But by the time I went to Cambridge and was using Baldwin's Dynamic Aspects of Biochemistry, I was exposed to a biochemistry which had already, 30 or 40 years earlier, had precluded the necessity for invoking a vital principle. The energetics of oxidative respiration explain where the energy came from.  It wasn’t necessary to invoke some sort of immaterial principle, and the last person I suppose to invoke that notion of a vital principle was Driesch, and that would’ve been about 1910.  But after 1910 I don’t think anyone who was a serious biologist ever thought in terms of a vital principle because biochemistry had actually begun to reveal how the energetics of cells was implemented.

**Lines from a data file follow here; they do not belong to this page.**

definition ctop :: concept where
  "ctop = CNot (CAnd (CName 0) (CNot (CName 0)))"

definition ftrue :: formula where
  "ftrue = Atom (TBox ctop)"

definition ffalse :: formula where
  "ffalse = FNot ftrue"

definition FOr :: "formula \<Rightarrow> formula \<Rightarrow> formula" where
  "FOr a b = FNot (FAnd (FNot a) (FNot b))"

text \<open>Identification of double negations: single negation and normalisation.\<close>

fun cneg :: "concept \<Rightarrow> concept" where
  "cneg (CNot C) = C"
| "cneg C = CNot C"

fun cnorm :: "concept \<Rightarrow> concept" where
  "cnorm (CName A) = CName A"
| "cnorm (CNot C) = cneg (cnorm C)"
| "cnorm (CAnd C D) = CAnd (cnorm C) (cnorm D)"
| "cnorm (CEx r C) = CEx r (cnorm C)"

fun anorm :: "atom \<Rightarrow> atom" where
  "anorm (CAssert C a) = CAssert (cnorm C) a"
| "anorm (RAssert r a b) = RAssert r a b"
| "anorm (TBox C) = TBox (cnorm C)"

fun neg :: "formula \<Rightarrow> formula" where
  "neg (FNot \<psi>) = \<psi>"
| "neg \<psi> = FNot \<psi>"

fun norm :: "formula \<Rightarrow> formula" where
  "norm (Atom \<alpha>) = Atom (anorm \<alpha>)"
| "norm (FNot \<psi>) = neg (norm \<psi>)"
| "norm (FAnd \<psi> \<chi>) = FAnd (norm \<psi>) (norm \<chi>)"

record interp =
  dom :: "nat set"
  cI  :: "nat \<Rightarrow> nat set"
  rI  :: "nat \<Rightarrow> (nat \<times> nat) set"
  iI  :: "nat \<Rightarrow> nat"

text \<open>An interpretation: nonempty (countable, as a subset of nat) domain.\<close>
definition wf_interp :: "interp \<Rightarrow> bool" where
  "wf_interp I \<longleftrightarrow> dom I \<noteq> {} \<and> (\<forall>A. cI I A \<subseteq> dom I)
     \<and> (\<forall>r. rI I r \<subseteq> dom I \<times> dom I) \<and> (\<forall>a. iI I a \<in> dom I)"

fun ext :: "interp \<Rightarrow> concept \<Rightarrow> nat set" where
  "ext I (CName A) = cI I A"
| "ext I (CNot C) = dom I - ext I C"
| "ext I (CAnd C D) = ext I C \<inter> ext I D"
| "ext I (CEx r C) = {d \<in> dom I. \<exists>d' \<in> ext I C. (d, d') \<in> rI I r}"

fun asat :: "interp \<Rightarrow> atom \<Rightarrow> bool" where
  "asat I (CAssert C a) = (iI I a \<in> ext I C)"
| "asat I (RAssert r a b) = ((iI I a, iI I b) \<in> rI I r)"
| "asat I (TBox C) = (ext I C = dom I)"

fun sat :: "interp \<Rightarrow> formula \<Rightarrow> bool" where
  "sat I (Atom \<alpha>) = asat I \<alpha>"
| "sat I (FNot \<psi>) = (\<not> sat I \<psi>)"
| "sat I (FAnd \<psi> \<chi>) = (sat I \<psi> \<and> sat I \<chi>)"

definition Mod :: "formula \<Rightarrow> interp set" where
  "Mod \<phi> = {I. wf_interp I \<and> sat I \<phi>}"

definition fin_rep :: "interp set \<Rightarrow> bool" where
  "fin_rep S \<longleftrightarrow> (\<exists>\<Phi>. finite \<Phi> \<and> S = {I. wf_interp I \<and> (\<forall>\<phi>\<in>\<Phi>. sat I \<phi>)})"

fun Sub' :: "formula \<Rightarrow> formula set" where
  "Sub' (Atom \<alpha>) = {Atom \<alpha>, FNot (Atom \<alpha>)}"
| "Sub' (FNot \<psi>) = Sub' \<psi>"
| "Sub' (FAnd \<psi> \<chi>) = {FAnd \<psi> \<chi>, FNot (FAnd \<psi> \<chi>)} \<union> Sub' \<psi> \<union> Sub' \<chi>"

definition Sub :: "formula \<Rightarrow> formula set" where
  "Sub \<phi> = Sub' (norm \<phi>)"

inductive_set con :: "formula \<Rightarrow> concept set" for \<phi> where
  con_tbox: "Atom (TBox C) \<in> Sub \<phi> \<Longrightarrow> C \<in> con \<phi>"
| con_assert: "Atom (CAssert C a) \<in> Sub \<phi> \<Longrightarrow> C \<in> con \<phi>"
| con_and1: "CAnd C D \<in> con \<phi> \<Longrightarrow> C \<in> con \<phi>"
| con_and2: "CAnd C D \<in> con \<phi> \<Longrightarrow> D \<in> con \<phi>"
| con_ex: "CEx r C \<in> con \<phi> \<Longrightarrow> C \<in> con \<phi>"
| con_neg: "C \<in> con \<phi> \<Longrightarrow> cneg C \<in> con \<phi>"

fun aind :: "atom \<Rightarrow> nat set" where
  "aind (CAssert C a) = {a}"
| "aind (RAssert r a b) = {a, b}"
| "aind (TBox C) = {}"

fun ind :: "formula \<Rightarrow> nat set" where
  "ind (Atom \<alpha>) = aind \<alpha>"
| "ind (FNot \<psi>) = ind \<psi>"
| "ind (FAnd \<psi> \<chi>) = ind \<psi> \<union> ind \<chi>"

definition concept_type :: "formula \<Rightarrow> concept set \<Rightarrow> bool" where
  "concept_type \<phi> c \<longleftrightarrow> c \<subseteq> con \<phi>
     \<and> (\<forall>D \<in> con \<phi>. D \<in> c \<longleftrightarrow> cneg D \<notin> c)
     \<and> (\<forall>D E. CAnd D E \<in> con \<phi> \<longrightarrow> (CAnd D E \<in> c \<longleftrightarrow> D \<in> c \<and> E \<in> c))"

I mean, it’s complicated and quite mysterious but it isn’t mysterious in the way that people who want there to be a deeply and incorrigibly mysterious principle is at work.  It’s mysterious only in that it’s complicated and therefore it’s quite hard to understand how it works. But once I was exposed to Kreb's notion of the tricarboxylic acid cycle one began to see how oxygen got into the system and what it did with carbohydrates and phosphorylation and energy rich bonds and so forth… explained how it was that living things were different from inanimate particles.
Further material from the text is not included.